Design mode-iterator mode

Source: Internet
Author: User
Tags reflector

First, Introduction

In my previous blog post, I shared my understanding of the command pattern, which was mainly to abstract the behavior into commands, which resulted in low coupling between the requester's behavior and the recipient's behavior. In one chapter, you'll look at the iterator pattern. The following nonsense not much to say, directly into the topic of this blog post.

Ii. Introduction to the iterator pattern

Iterators are made for collection objects, which inevitably involve the addition and deletion of collection elements, and certainly support the operation of iterating over the collection elements, and we can put the traversal in the collection object at this point, but then the collection object takes too much responsibility.
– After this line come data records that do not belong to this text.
(* Let $n,d$ be positive integers with $d$ dividing $n$, let $C_n=\langle a\mid a^n=e\rangle$, let $l$ be an integer, and let $\Delta=\{a^{jn/d+l}: j=0,\dots,d-1\}$. For complex numbers $W_0,\dots,W_{d-1}$, the operator $W=\sum_{j=0}^{d-1}W_jU_{a^{jn/d+l}}$ on $\ell^2(C_n)$ is unitary if and only if there exist real numbers $\theta_0,\dots,\theta_{d-1}$ such that $W_j=\frac1d\sum_{k=0}^{d-1}e^{i\theta_k}e^{2\pi i kj/d}$ for all $j=0,\dots,d-1$.
   Context: For a group $\Gamma$, let $\ell^2(\Gamma)$ have orthonormal basis $\{|g\rangle\}_{g\in\Gamma}$ and for $\delta\in\Gamma$ let $U_\delta$ be the unitary with $U_\delta|g\rangle=|g\delta\rangle$. Such a unitary $W$ with all $W_j$ nonzero is a homogeneous scalar quantum walk on the Cayley graph $C_\Delta(C_n)$ (vertex set $C_n$, directed edges $(g,g\delta)$ for $\delta\in\Delta$). *)

theory Defs
  imports "HOL-Analysis.Analysis"
begin

text \<open>The cyclic group C_n = <a | a^n = e> is represented by exponents {0..<n},
  a^i a^j = a^((i+j) mod n).  The Hilbert space l^2(C_n) has orthonormal basis
  |g>, g < n; a linear operator on it is given by its matrix entries
  M h g = <h| M |g> for h, g < n.\<close>

definition shift_op :: "nat \<Rightarrow> int \<Rightarrow> nat \<Rightarrow> nat \<Rightarrow> complex" where
  "shift_op n s h g = (if int h = (int g + s) mod int n then 1 else 0)"

definition walk_op :: "nat \<Rightarrow> nat \<Rightarrow> int \<Rightarrow> (nat \<Rightarrow> complex) \<Rightarrow> nat \<Rightarrow> nat \<Rightarrow> complex" where
  "walk_op n d l W h g = (\<Sum>j<d. W j * shift_op n (int (j * (n div d)) + l) h g)"

definition unitary_op :: "nat \<Rightarrow> (nat \<Rightarrow> nat \<Rightarrow> complex) \<Rightarrow> bool" where
  "unitary_op n M \<longleftrightarrow>
     (\<forall>g<n. \<forall>g'<n. (\<Sum>h<n. cnj (M h g) * M h g') = (if g = g' then 1 else 0)) \<and>
     (\<forall>h<n. \<forall>h'<n. (\<Sum>g<n. M h g * cnj (M h' g)) = (if h = h' then 1 else 0))"

end

theory Submission
  imports Defs
begin

text \<open>Both Gram matrices of W are circulant, and since the steps a^(jm+l) (m = n/d) differ only by
  multiples of m, their entry at offset x vanishes unless m divides x, in which case it is the
  cyclic autocorrelation of (W_0, ..., W_(d-1)) at x/m; the common shift l cancels. So W is
  unitary iff this autocorrelation is the delta function on Z/d. Its discrete Fourier transform
  is |dft W|^2, hence this happens iff every Fourier coefficient of W has modulus one, i.e. is
  some e^(i theta_k); Fourier inversion then gives the stated formula.\<close>

definition unity_root :: "nat \<Rightarrow> int \<Rightarrow> complex" where
  "unity_root d x = exp (2 * of_real pi * \<i> * of_int x / of_nat d)"

lemma unity_root_add: "unity_root d (a + b) = unity_root d a * unity_root d b"
  unfolding unity_root_def by (simp add: exp_add[symmetric] add_divide_distrib algebra_simps)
One of the principles of object-oriented design is a single principle of responsibility, so we need to separate these responsibilities as much as possible and use different classes to take on different responsibilities. The iterator pattern is the responsibility of iterating through the elements of the collection with an iterator class.

2.1 Definition of the iterator pattern

The iterator pattern provides a way to sequentially access individual elements in an aggregated object (understood as a collection object) without exposing the object's internal representation, so that the internal structure of the collection is not exposed and external code transparently accesses the data inside the collection.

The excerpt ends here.